## Records supplied
• • •

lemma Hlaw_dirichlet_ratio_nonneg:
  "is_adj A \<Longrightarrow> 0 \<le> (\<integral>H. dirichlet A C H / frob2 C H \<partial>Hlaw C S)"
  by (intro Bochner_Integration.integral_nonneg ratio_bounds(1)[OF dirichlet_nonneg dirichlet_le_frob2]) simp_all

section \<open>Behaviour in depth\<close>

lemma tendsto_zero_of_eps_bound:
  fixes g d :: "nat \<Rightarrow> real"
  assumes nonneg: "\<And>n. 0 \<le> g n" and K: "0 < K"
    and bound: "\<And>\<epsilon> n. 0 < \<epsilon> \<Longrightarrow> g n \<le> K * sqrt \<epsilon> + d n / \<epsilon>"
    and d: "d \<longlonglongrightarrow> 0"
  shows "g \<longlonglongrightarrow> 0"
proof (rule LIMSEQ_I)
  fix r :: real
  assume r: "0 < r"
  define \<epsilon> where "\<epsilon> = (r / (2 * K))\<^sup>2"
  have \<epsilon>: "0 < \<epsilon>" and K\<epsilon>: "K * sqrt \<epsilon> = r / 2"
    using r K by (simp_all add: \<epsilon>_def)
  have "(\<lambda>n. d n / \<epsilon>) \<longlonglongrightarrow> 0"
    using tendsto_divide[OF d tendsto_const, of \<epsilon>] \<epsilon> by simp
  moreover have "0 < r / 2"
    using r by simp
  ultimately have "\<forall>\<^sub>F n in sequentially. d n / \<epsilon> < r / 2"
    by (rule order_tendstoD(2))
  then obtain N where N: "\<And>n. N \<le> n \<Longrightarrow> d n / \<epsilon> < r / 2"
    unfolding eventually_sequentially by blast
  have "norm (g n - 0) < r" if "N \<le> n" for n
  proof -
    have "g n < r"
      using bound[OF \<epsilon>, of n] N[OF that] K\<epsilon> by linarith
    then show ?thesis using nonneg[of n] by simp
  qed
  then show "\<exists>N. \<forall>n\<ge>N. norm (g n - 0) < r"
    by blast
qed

• • •

## Task directions
The complete data above is to be written out again as it stands.

## Task output
lemma Hlaw_dirichlet_ratio_nonneg:
  "is_adj A \<Longrightarrow> 0 \<le> (\<integral>H. dirichlet A C H / frob2 C H \<partial>Hlaw C S)"
  by (intro Bochner_Integration.integral_nonneg ratio_bounds(1)[OF dirichlet_nonneg dirichlet_le_frob2]) simp_all

section \<open>Behaviour in depth\<close>

lemma tendsto_zero_of_eps_bound:
  fixes g d :: "nat \<Rightarrow> real"
  assumes nonneg: "\<And>n. 0 \<le> g n" and K: "0 < K"
    and bound: "\<And>\<epsilon> n. 0 < \<epsilon> \<Longrightarrow> g n \<le> K * sqrt \<epsilon> + d n / \<epsilon>"
    and d: "d \<longlonglongrightarrow> 0"
  shows "g \<longlonglongrightarrow> 0"
proof (rule LIMSEQ_I)
  fix r :: real
  assume r: "0 < r"
  define \<epsilon> where "\<epsilon> = (r / (2 * K))\<^sup>2"
  have \<epsilon>: "0 < \<epsilon>" and K\<epsilon>: "K * sqrt \<epsilon> = r / 2"
    using r K by (simp_all add: \<epsilon>_def)
  have "(\<lambda>n. d n / \<epsilon>) \<longlonglongrightarrow> 0"
    using tendsto_divide[OF d tendsto_const, of \<epsilon>] \<epsilon> by simp
  moreover have "0 < r / 2"
    using r by simp
  ultimately have "\<forall>\<^sub>F n in sequentially. d n / \<epsilon> < r / 2"
    by (rule order_tendstoD(2))
  then obtain N where N: "\<And>n. N \<le> n \<Longrightarrow> d n / \<epsilon> < r / 2"
    unfolding eventually_sequentially by blast
  have "norm (g n - 0) < r" if "N \<le> n" for n
  proof -
    have "g n < r"
      using bound[OF \<epsilon>, of n] N[OF that] K\<epsilon> by linarith
    then show ?thesis using nonneg[of n] by simp
  qed
  then show "\<exists>N. \<forall>n\<ge>N. norm (g n - 0) < r"
    by blast
qed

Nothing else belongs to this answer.